Category Archives: Japan

Yoshino River

The Yoshino River is one of the three great rivers of Japan. Located on Shikoku Island, it is nicknamed “Shikoku Saburo,” Sabaro being a popular first name for a third son. The photo shows the wide sweep of the Yoshino near its outlet in the ocean near Tokushima. The landscape is actually much more built up than it seems in this image—typical of Japan, most flat areas such as the lower Yoshino Valley are heavily populated.

Yoshina River © Harold Davis

Yoshina River © Harold Davis

Exposure data: 28mm, circular polarizer, 1/500 of a second at f/8 and ISO 200; hand held, processed in Adobe Camera Raw and Photoshop, and converted to black and white using the “Ansel in the Valley” preset in Perfect B&W.

Views of Japan

Hokusai, the famous Japanese woodblock print artist of the Edo period, created many views of Japan that included Mt Fuji, but the one shown here was probably not in his contemplation as they didn’t have air travel back then. I made the photo on an internal Japanese flight from Tokushima on Shikkoku Island to Haneda Airport near Tokyo.

View of Mt Fuji © Harold Davis

View of Mt Fuji © Harold Davis

For my own homage to Hokusai in the context of San Francisco, check out my book 100 Views of the Golden Gate.

As part of a chapter in the new book I am working on, related to black and white photography, I’ve been looking through my photography of Japan. These are some of the iPhone photos I’ve found, mostly of subject matter that I also photographed with conventional, high resolution cameras.

Misty Mountains © Harold Davis

Misty Mountains © Harold Davis

For example, the view of misty mountains long the Kumano Kodo pilgrimage on the Kii peninsula shown above can be seen more extensively in Distant Japanese Landscape.

The somewhat bleak courtyard shown next is in Koya-san, where I stayed for a couple of rainy autumn days as a guest in a monastery.

Autumn in Japan © Harold Davis

Autumn in Japan © Harold Davis

If you’ve ever visited Japan’s ancient imperial capital of Nara, you’ll know that the deer of Nara are a big touristic deal—which is why they are portrayed in the attractive design on the manhole cover that I found on a Nara side street.

Manhole Cover, Nara, Japan © Harold Davis

Manhole Cover, Nara, Japan © Harold Davis

I liked wandering around Nara. There was a great deal to look at, such as Kofuku-ji, a Buddhist pagoda temple with origins dating to the 669 AD, once one of the powerful Seven Great Temples. Today, even monuments as important as Kofuku-ji radiate a palpable sense of time having moved on, and despite all the hustle and bustle in Japan Nara seems like a delightful backwater.

Pagoda in Nara © Harold Davis

Pagoda in Nara © Harold Davis

Rainbow Bridge, Tokyo

In the eighteenth century, Tokyo—then known as Edo—was the world’s largest city, with a population of over one million. Today, Tokyo is still one of the world’s great metropoli, sprawling over an almost unimaginable population and area with numerous “cities within the city,” districts that are important in-and-of themselves.

The Rainbow Bridge crosses northern Tokyo Bay between two of these districts,  Shibaura and the Odaiba waterfront development in the Minato district.

Rainbow Bridge, Tokyo © Harold Davis

Rainbow Bridge, Tokyo © Harold Davis

Walking across this graceful suspension bridge is an uplifting experience in several sense of the word. The graceful curves of the bridge take you high above the bustle of the city, at the same time making the lines of modern Tokyo apparent.

As I crossed the Rainbow Bridge with my camera in the dusk of a foggy November day, I tried to align the curves of the bridge with the lines of an apartment complex in Odaiba in image that uses selective focus to contrast the curves in the Rainbow Bridge with the linear spaces of the buildings beyond.

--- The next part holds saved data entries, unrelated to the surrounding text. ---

(* Let $n\ge2$ and $T\subset\mathbb{N}$. If $\mathcal{P}_T$ is a PULB-space for dimension $n$, then the quadrature rule in condition (i) of the definition of PULB-space is unique; i.e., any two quadrature rules with nodes in $[-1,1]$ and positive weights that are exact on $\mathcal{P}_T$ and satisfy condition (ii) have the same nodes and the same weights.
   Context: $d\mu_n(t)=\gamma_n(1-t^2)^{(n-3)/2}dt$ is the probability measure on $[-1,1]$ with this density; $P_i^{(n)}$ is the Gegenbauer polynomial of degree $i$ (Jacobi with $\alpha=\beta=(n-3)/2$, normalized $P_i^{(n)}(1)=1$). $\mathcal{P}_T=\mathrm{span}\{P_i^{(n)}:i\in T\cup\{0\}\}$. A function $h:[-1,1]\to[0,+\infty]$, continuous on $[-1,1]$ and finite on $[-1,1)$, is absolutely monotone if $h^{(j)}(t)\ge0$ for all $j\ge0$, $t\in[-1,1)$. $\mathcal{L}(n,T,h)=\{f\in\mathcal{P}_T: f\le h\text{ on }[-1,1]\}$. A quadrature rule exact on $\mathcal{P}_T$ consists of nodes $\{\alpha_i\}\subset[-1,1]$ and weights $\{\rho_i\}\subset(0,1)$ with $\int_{-1}^1f\,d\mu_n=\sum_i\rho_if(\alpha_i)$ for all $f\in\mathcal{P}_T$. $\mathcal{P}_T$ is a PULB-space for dimension $n$ if (i) there is a quadrature rule with positive weights exact on $\mathcal{P}_T$ and (ii) for every absolutely monotone $h$ some $f\in\mathcal{L}(n,T,h)$ agrees with $h$ at the nodes of that rule. *)

theory Defs
  imports "HOL-Analysis.Analysis" "HOL-Library.Extended_Real"
begin

text \<open>Normalized Gegenbauer polynomials P_i^{(n)} (Jacobi with alpha = beta = (n-3)/2,
  normalized so that P_i^{(n)}(1) = 1), given by the standard three-term recurrence
  (i + n - 2) P_{i+1} = (2i + n - 2) t P_i - i P_{i-1}, P_0 = 1, P_1 = t.\<close>
fun gegenbauer :: "nat \<Rightarrow> nat \<Rightarrow> real \<Rightarrow> real" where
  "gegenbauer n 0 t = 1"
| "gegenbauer n (Suc 0) t = t"
| "gegenbauer n (Suc (Suc i)) t =
     ((2 * real (Suc i) + real n - 2) * t * gegenbauer n (Suc i) t
       - real (Suc i) * gegenbauer n i t) / (real (Suc i) + real n - 2)"

definition mu_density :: "nat \<Rightarrow> real \<Rightarrow> real" where
  "mu_density n t = (1 - t\<^sup>2) powr ((real n - 3) / 2)"

definition gamma_const :: "nat \<Rightarrow> real" where
  "gamma_const n = 1 / (LINT t:{-1..1}|lborel. mu_density n t)"

definition mu_integral :: "nat \<Rightarrow> (real \<Rightarrow> real) \<Rightarrow> real" where
  "mu_integral n f = gamma_const n * (LINT t:{-1..1}|lborel. mu_density n t * f t)"

definition P_space :: "nat \<Rightarrow> nat set \<Rightarrow> (real \<Rightarrow> real) set" where
  "P_space n T = {f. \<exists>S c. finite S \<and> S \<subseteq> T \<union> {0} \<and>
                     f = (\<lambda>t. \<Sum>i\<in>S. c i * gegenbauer n i t)}"

definition abs_monotone :: "(real \<Rightarrow> ereal) \<Rightarrow> bool" where
  "abs_monotone h \<longleftrightarrow>
     continuous_on {-1..1} h \<and>
     (\<forall>t\<in>{-1..1}. 0 \<le> h t) \<and>
     (\<forall>t\<in>{-1..<1}. h t \<noteq> \<infinity>) \<and>
     (\<exists>D :: nat \<Rightarrow> real \<Rightarrow> real.
        (\<forall>t\<in>{-1..<1}. D 0 t = real_of_ereal (h t)) \<and>
        (\<forall>j. \<forall>t\<in>{-1..<1}.
            (D j has_real_derivative D (Suc j) t) (at t within {-1..<1}) \<and> 0 \<le> D j t))"

definition L_set :: "nat \<Rightarrow> nat set \<Rightarrow> (real \<Rightarrow> ereal) \<Rightarrow> (real \<Rightarrow> real) set" where
  "L_set n T h = {f \<in> P_space n T. \<forall>t\<in>{-1..1}. ereal (f t) \<le> h t}"

definition quadrature_rule :: "nat \<Rightarrow> nat set \<Rightarrow> real set \<Rightarrow> (real \<Rightarrow> real) \<Rightarrow> bool" where
  "quadrature_rule n T A \<rho> \<longleftrightarrow>
     finite A \<and> A \<subseteq> {-1..1} \<and> (\<forall>a\<in>A. 0 < \<rho> a \<and> \<rho> a < 1) \<and>
     (\<forall>f\<in>P_space n T. mu_integral n f = (\<Sum>a\<in>A. \<rho> a * f a))"

definition interpolation_condition :: "nat \<Rightarrow> nat set \<Rightarrow> real set \<Rightarrow> bool" where
  "interpolation_condition n T A \<longleftrightarrow>
     (\<forall>h. abs_monotone h \<longrightarrow> (\<exists>f\<in>L_set n T h. \<forall>a\<in>A. ereal (f a) = h a))"

definition PULB_rule :: "nat \<Rightarrow> nat set \<Rightarrow> real set \<Rightarrow> (real \<Rightarrow> real) \<Rightarrow> bool" where
  "PULB_rule n T A \<rho> \<longleftrightarrow> quadrature_rule n T A \<rho> \<and> interpolation_condition n T A"

definition PULB_space :: "nat \<Rightarrow> nat set \<Rightarrow> bool" where
  "PULB_space n T \<longleftrightarrow> (\<exists>A \<rho>. PULB_rule n T A \<rho>)"

end

theory Submission
  imports Defs "HOL-Computational_Algebra.Polynomial"
begin

text \<open>If two rules both satisfy condition (ii), take an absolutely monotone \<open>h\<close> and the
  polynomial \<open>f \<le> h\<close> interpolating \<open>h\<close> at the nodes of the first rule; exactness of both rules
  gives \<open>\<Sum> \<rho>\<^sub>1 h = \<integral> f d\<mu>\<^sub>n = \<Sum> \<rho>\<^sub>2 f \<le> \<Sum> \<rho>\<^sub>2 h\<close>, and by symmetry the two discrete measures
  integrate every absolutely monotone function alike. The functions \<open>(1 + t)\<^sup>k\<close> are absolutely
  monotone, and their integrals determine a finitely supported measure (a Vandermonde argument),
  so nodes and weights coincide.\<close>

definition shifted_power_deriv :: "nat \<Rightarrow> nat \<Rightarrow> real \<Rightarrow> real" where
  "shifted_power_deriv k j t = (if j \<le> k then fact k / fact (k - j) * (1 + t) ^ (k - j) else 0)"

lemma shifted_power_deriv_has_derivative:
  "(shifted_power_deriv k j has_real_derivative shifted_power_deriv k (Suc j) t) (at t within S)"
proof (cases "j < k")
  case True
  have fact_split: "fact (k - j) = real (k - j) * (fact (k - Suc j) :: real)"
    using fact_reduce[of "k - j"] True by (simp add: Suc_diff_Suc del: of_nat_diff)
  have "((\<lambda>t. fact k / fact (k - j) * (1 + t) ^ (k - j)) has_real_derivative
        fact k / fact (k - j) * (real (k - j) * (1 + t) ^ (k - j - 1))) (at t within S)"
    by (auto intro!: derivative_eq_intros)
  moreover have "fact k / fact (k - j) * (real (k - j) * (1 + t) ^ (k - j - 1))
     = (fact k / fact (k - Suc j) * (1 + t) ^ (k - Suc j) :: real)"
    using True by (simp add: fact_split field_simps)
  ultimately show ?thesis
    using True unfolding shifted_power_deriv_def by (simp add: Suc_leI less_imp_le)
next
  case False
  then show ?thesis
    unfolding shifted_power_deriv_def by (cases "j = k") (auto intro!: derivative_eq_intros)
qed

lemma abs_monotone_shifted_power: "abs_monotone (\<lambda>t. ereal ((1 + t) ^ k))"
  unfolding abs_monotone_def
proof (intro conjI)
  show "continuous_on {-1..1} (\<lambda>t. ereal ((1 + t) ^ k))"
    by (intro continuous_intros)
  show "\<exists>D. (\<forall>t\<in>{-1..<1}. D 0 t = real_of_ereal (ereal ((1 + t) ^ k))) \<and>
        (\<forall>j. \<forall>t\<in>{-1..<1}. (D j has_real_derivative D (Suc j) t) (at t within {-1..<1}) \<and> 0 \<le> D j t)"
    by (rule exI[of _ "shifted_power_deriv k"])
      (simp add: shifted_power_deriv_has_derivative, simp add: shifted_power_deriv_def)
qed auto

lemma PULB_rule_sum_le:
  fixes g :: "real \<Rightarrow> real"
  assumes rule1: "PULB_rule n T A1 \<rho>1" and rule2: "quadrature_rule n T A2 \<rho>2"
    and g: "abs_monotone (\<lambda>t. ereal (g t))"
  shows "(\<Sum>a\<in>A1. \<rho>1 a * g a) \<le> (\<Sum>a\<in>A2. \<rho>2 a * g a)"
proof -
  obtain f where f: "f \<in> L_set n T (\<lambda>t. ereal (g t))" and f_nodes: "\<forall>a\<in>A1. f a = g a"
    using rule1 g unfolding PULB_rule_def interpolation_condition_def by auto
  then have f_P: "f \<in> P_space n T" and f_le: "\<forall>t\<in>{-1..1}. f t \<le> g t"
    by (auto simp: L_set_def)
  have "(\<Sum>a\<in>A1. \<rho>1 a * g a) = (\<Sum>a\<in>A1. \<rho>1 a * f a)"
    using f_nodes by simp
  also have "\<dots> = mu_integral n f"
    using rule1 f_P by (simp add: PULB_rule_def quadrature_rule_def)
  also have "\<dots> = (\<Sum>a\<in>A2. \<rho>2 a * f a)"
    using rule2 f_P by (simp add: quadrature_rule_def)
  also have "\<dots> \<le> (\<Sum>a\<in>A2. \<rho>2 a * g a)"
    using rule2 f_le by (intro sum_mono) (auto simp: quadrature_rule_def subset_iff)
  finally show ?thesis .
qed

lemma weights_zero_if_moments_zero:
  fixes w :: "'b \<Rightarrow> 'a::field" and x :: "'b \<Rightarrow> 'a"
  assumes S: "finite S" and x: "inj_on x S"
    and moments: "\<And>k. (\<Sum>a\<in>S. w a * x a ^ k) = 0" and a0: "a0 \<in> S"
  shows "w a0 = 0"
proof -
  define q where "q = (\<Prod>b\<in>S - {a0}. [:- x b, 1:])"
  have poly_q: "poly q y = (\<Prod>b\<in>S - {a0}. y - x b)" for y
    unfolding q_def poly_prod by simp
  have "(\<Sum>a\<in>S. w a * poly q (x a)) = (\<Sum>i\<le>degree q. coeff q i * (\<Sum>a\<in>S. w a * x a ^ i))"
    by (simp add: poly_altdef sum_distrib_left mult_ac sum.swap[of _ S])
  also have "\<dots> = 0"
    using moments by simp
  finally have "(\<Sum>a\<in>S. w a * poly q (x a)) = 0" .
  moreover have "poly q (x a) = 0" if "a \<in> S - {a0}" for a
    unfolding poly_q using S that by (intro prod_zero) auto
  then have "(\<Sum>a\<in>S. w a * poly q (x a)) = w a0 * poly q (x a0)"
    using S a0 by (subst sum.remove[OF S a0]) simp
  moreover have "poly q (x a0) \<noteq> 0"
    unfolding poly_q using S x a0 by (auto simp: inj_on_def)
  ultimately show ?thesis
    by simp
qed

lemma weighted_node_sets_eq_if_moments_eq:
  fixes \<rho>1 \<rho>2 :: "'b \<Rightarrow> 'a::field" and x :: "'b \<Rightarrow> 'a"
  assumes fin: "finite A1" "finite A2" and x: "inj_on x (A1 \<union> A2)"
    and nonzero: "\<forall>a\<in>A1. \<rho>1 a \<noteq> 0" "\<forall>a\<in>A2. \<rho>2 a \<noteq> 0"
    and moments: "\<And>k. (\<Sum>a\<in>A1. \<rho>1 a * x a ^ k) = (\<Sum>a\<in>A2. \<rho>2 a * x a ^ k)"
  shows "A1 = A2 \<and> (\<forall>a\<in>A1. \<rho>1 a = \<rho>2 a)"
proof -
  define w where "w a = (if a \<in> A1 then \<rho>1 a else 0) - (if a \<in> A2 then \<rho>2 a else 0)" for a
  have restrict: "(\<Sum>a\<in>A1 \<union> A2. (if a \<in> A then \<rho> a else 0) * x a ^ k) = (\<Sum>a\<in>A. \<rho> a * x a ^ k)"
    if "A \<subseteq> A1 \<union> A2" for A \<rho> k
  proof -
    have "(\<Sum>a\<in>A1 \<union> A2. (if a \<in> A then \<rho> a else 0) * x a ^ k)
        = (\<Sum>a\<in>A1 \<union> A2. if a \<in> A then \<rho> a * x a ^ k else 0)"
      by (rule sum.cong) simp_all
    also have "\<dots> = (\<Sum>a\<in>(A1 \<union> A2) \<inter> A. \<rho> a * x a ^ k)"
      using fin by (rule sum.inter_restrict[symmetric, OF finite_UnI])
    finally show ?thesis
      using that by (simp add: Int_absorb1)
  qed
  have "(\<Sum>a\<in>A1 \<union> A2. w a * x a ^ k) = 0" for k
    using moments[of k] by (simp add: w_def left_diff_distrib sum_subtractf restrict)
  then have w_zero: "w a = 0" if "a \<in> A1 \<union> A2" for a
    using weights_zero_if_moments_zero[OF _ x _ that] fin by blast
  have "a \<in> A2 \<and> \<rho>1 a = \<rho>2 a" if "a \<in> A1" for a
    using w_zero[of a] nonzero(1) that by (cases "a \<in> A2") (simp_all add: w_def)
  moreover have "a \<in> A1" if "a \<in> A2" for a
    using w_zero[of a] nonzero(2) that by (cases "a \<in> A1") (simp_all add: w_def)
  ultimately show ?thesis
    by blast
qed

theorem corollary4p9:
  fixes n :: nat and T :: "nat set"
    and A1 A2 :: "real set" and \<rho>1 \<rho>2 :: "real \<Rightarrow> real"
  assumes "n \<ge> 2"
    and "PULB_space n T"
    and "PULB_rule n T A1 \<rho>1"
    and "PULB_rule n T A2 \<rho>2"
  shows "A1 = A2 \<and> (\<forall>a\<in>A1. \<rho>1 a = \<rho>2 a)"
proof -
  have rules: "quadrature_rule n T A1 \<rho>1" "quadrature_rule n T A2 \<rho>2"
    using assms(3,4) by (auto simp: PULB_rule_def)
  have moments: "(\<Sum>a\<in>A1. \<rho>1 a * (1 + a) ^ k) = (\<Sum>a\<in>A2. \<rho>2 a * (1 + a) ^ k)" for k
    using PULB_rule_sum_le[OF assms(3) rules(2) abs_monotone_shifted_power]
      PULB_rule_sum_le[OF assms(4) rules(1) abs_monotone_shifted_power]
    by (rule antisym)
  have "finite A1" "finite A2" "\<forall>a\<in>A1. \<rho>1 a \<noteq> 0" "\<forall>a\<in>A2. \<rho>2 a \<noteq> 0"
    using rules by (auto simp: quadrature_rule_def)
  moreover have "inj_on (\<lambda>a. 1 + a) (A1 \<union> A2)"
    by (simp add: inj_on_def)
  ultimately show ?thesis
    using weighted_node_sets_eq_if_moments_eq moments by blast
qed

end
definition chron :: "('m::topological_space, 'n::finite) chart set \<Rightarrow> (('m,'n) chart \<Rightarrow> real^'n \<Rightarrow> real^'n^'n)
     \<Rightarrow> (('m,'n) chart \<Rightarrow> real^'n \<Rightarrow> real^'n) \<Rightarrow> 'm \<Rightarrow> 'm \<Rightarrow> bool" where
  "chron A g T p q \<longleftrightarrow> (\<exists>\<gamma> a b. a < b \<and> fd_timelike_curve A g T \<gamma> {a..b} \<and> \<gamma> a = p \<and> \<gamma> b = q)"

text \<open>Strong causality: every neighbourhood of every point contains a neighbourhood
  which no non-spacelike curve enters more than once.\<close>
definition strongly_causal :: "('m::topological_space, 'n::finite) chart set \<Rightarrow> (('m,'n) chart \<Rightarrow> real^'n \<Rightarrow> real^'n^'n)
     \<Rightarrow> (('m,'n) chart \<Rightarrow> real^'n \<Rightarrow> real^'n) \<Rightarrow> bool" where
  "strongly_causal A g T \<longleftrightarrow>
     (\<forall>p W. open W \<and> p \<in> W \<longrightarrow>
        (\<exists>V. open V \<and> p \<in> V \<and> V \<subseteq> W \<and>
           (\<forall>\<gamma> I. fd_causal_curve A g T \<gamma> I \<longrightarrow> connected {t\<in>I. \<gamma> t \<in> V})))"

section \<open>Causal boundary (for a chronological relation chr, chr p q meaning p << q)\<close>

definition Ifut :: "('m \<Rightarrow> 'm \<Rightarrow> bool) \<Rightarrow> 'm set \<Rightarrow> 'm set" where
  "Ifut chr S = {y. \<exists>s\<in>S. chr s y}"

definition Ipast :: "('m \<Rightarrow> 'm \<Rightarrow> bool) \<Rightarrow> 'm set \<Rightarrow> 'm set" where
  "Ipast chr S = {y. \<exists>s\<in>S. chr y s}"

definition past_set :: "('m \<Rightarrow> 'm \<Rightarrow> bool) \<Rightarrow> 'm set \<Rightarrow> bool" where
  "past_set chr X \<longleftrightarrow> (\<exists>S. X = Ipast chr S)"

300mm, 1/200 of a second at f/5.6 and ISO 400, hand held; processed in Adobe Camera RAW and Photoshop, and converted to black and white using Perfect B&W.

Nachi-san

Japan, as someone put it to me, is the most exotic place one can go that is absolutely safe. Nachi-san, shown in this image, is one of the ends of the Kumano kodo pilgrimage trail. It is a religious Shangri-la above the ocean with an impressive waterfall behind the temple complex.

Nachi-san © Harold Davis

Nachi-san © Harold Davis

In my initial story on this image, I noted that “while some pilgrims do it the hard way and walk the ancient stones of the Kumano kodo up to mountain passes and down through valleys to arrive in Nachi-san, most visitors arrive by scheduled bus, or by tour bus. Like Lourdes in France, or Mt Koya in Japan, Nachi-san is a destination for religious tourists, almost all of whom are Japanese.” There’s more about the location in the story about my long exposure photo of the Pagoda at Nachi San.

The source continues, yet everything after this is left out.